◆ **Saved data entries**
(* Consider the ride-hailing model in the context with $L=2$ regions and driving cost rate $c=0$. For every such two-region network (arbitrary demand rates, trip times, $R\in(0,1)$, $M\ge0$, $N>0$) and every AV-first strategy $\hat{\bm x}^A$, the AV-first profit $\sum_{i,\alpha}r^A_{i\alpha}\hat x^A_{i\alpha}+\pi(\hat{\bm b}^C)$ is at least $\tfrac45$ times the optimal value of $\mathcal{OPT}$, i.e. the performance loss $1-(\text{AV-first profit})/(\text{optimal value})$ is at most $20\%$; and $20\%$ is the maximum (supremum) performance loss over all such networks.
   Context: Model. There are $L$ regions $\{1,\dots,L\}$. For regions $i,j$, $b_{ij}\ge0$ is the customer rate from $i$ to $j$; $b_i=\sum_j b_{ij}$ (assumed $>0$), $q_{ij}=b_{ij}/b_i$. $t_{ij}\ge0$ is the trip time of a customer trip from $i$ to $j$ (with $t_{ij}>0$ for $i\ne j$); the empty repositioning time from $i$ to $\alpha$ is $t_{i\alpha}$ for $\alpha\ne i$ and $0$ for $\alpha=i$. Constants: $p>0$, $c\ge0$, $R\in(0,1)$, CV fleet mass $N>0$, AV fleet mass $M\ge0$. For $i,\alpha$: $\tau^{dr}_{i\alpha}=\mathbf 1[\alpha\ne i]\,t_{i\alpha}+\sum_j q_{\alpha j}t_{\alpha j}$, $r^A_{i\alpha}=p\sum_j q_{\alpha j}t_{\alpha j}-c\tau^{dr}_{i\alpha}$, $r^C_{i\alpha}=p(1-R)\sum_j q_{\alpha j}t_{\alpha j}-c\tau^{dr}_{i\alpha}$, $r^{C2P}_{i\alpha}=pR\sum_j q_{\alpha j}t_{\alpha j}$. A matrix $\bm x\in\mathbb R^{L\times L}_{\ge0}$ satisfies flow balance if $\sum_j(\sum_k x_{kj})q_{ji}=\sum_\alpha x_{i\alpha}$ for all $i$. $\mathcal{CV}(\bm b^C)$: maximize $N\log\sum_{i,\alpha}r^C_{i\alpha}x_{i\alpha}-\sum_{i,\alpha}\tau^{dr}_{i\alpha}x_{i\alpha}$ over $\bm x\ge0$ satisfying flow balance and $\sum_j x_{ji}\le b^C_i$ for all $i$; $\pi(\bm b^C)=\sum_{i,\alpha}r^{C2P}_{i\alpha}x_{i\alpha}$ for an optimal solution $\bm x$ (same for all optimal solutions). $\mathcal{OPT}$: maximize $\sum_{i,\alpha}r^A_{i\alpha}x^A_{i\alpha}+\pi(\bm b^C)$ over $\bm b^C\in\mathbb R^L_{\ge0}$, $\bm x^A\in\mathbb R^{L\times L}_{\ge0}$ subject to $\sum_j x^A_{ji}+b^C_i\le b_i$ for all $i$, flow balance for $\bm x^A$, and $\sum_{i,\alpha}\tau^{dr}_{i\alpha}x^A_{i\alpha}\le M$. AV-first policy: an AV-first strategy $\hat{\bm x}^A$ maximizes $\sum_{i,\alpha}r^A_{i\alpha}x^A_{i\alpha}$ over $\bm x^A\ge0$ with $\sum_j x^A_{ji}\le b_i$ for all $i$, flow balance, and $\sum_{i,\alpha}\tau^{dr}_{i\alpha}x^A_{i\alpha}\le M$; the residual demand $\hat b^C_i=b_i-\sum_j\hat x^A_{ji}$ is revealed to CVs, and the AV-first profit is $\sum_{i,\alpha}r^A_{i\alpha}\hat x^A_{i\alpha}+\pi(\hat{\bm b}^C)$. *)

theory Defs
  imports Complex_Main "HOL-Library.Extended_Real"
begin

text \<open>Matrices are functions nat => nat => real;
only their values on regions matter. Parameters: b (customer rates), t (trip times),
p, c, R, N (CV fleet mass), M (AV fleet mass).\<close>

definition regs :: "nat \<Rightarrow> nat set" where
  "regs L = {0..<L}"

definition brow :: "nat \<Rightarrow> (nat \<Rightarrow> nat \<Rightarrow> real) \<Rightarrow> nat \<Rightarrow> real" where
  "brow L b i = (\<Sum>j\<in>regs L. b i j)"

definition qq :: "nat \<Rightarrow> (nat \<Rightarrow> nat \<Rightarrow> real) \<Rightarrow> nat \<Rightarrow> nat \<Rightarrow> real" where
  "qq L b i j = b i j / brow L b i"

◆ **EXERCISE PROMPT**
Lines from the entries that contain the string "rates" must be found and copied.

◆ **COMPLETED EXERCISE**
(* Consider the ride-hailing model in the context with $L=2$ regions and driving cost rate $c=0$. For every such two-region network (arbitrary demand rates, trip times, $R\in(0,1)$, $M\ge0$, $N>0$) and every AV-first strategy $\hat{\bm x}^A$, the AV-first profit $\sum_{i,\alpha}r^A_{i\alpha}\hat x^A_{i\alpha}+\pi(\hat{\bm b}^C)$ is at least $\tfrac45$ times the optimal value of $\mathcal{OPT}$, i.e. the performance loss $1-(\text{AV-first profit})/(\text{optimal value})$ is at most $20\%$; and $20\%$ is the maximum (supremum) performance loss over all such networks.
only their values on regions matter. Parameters: b (customer rates), t (trip times),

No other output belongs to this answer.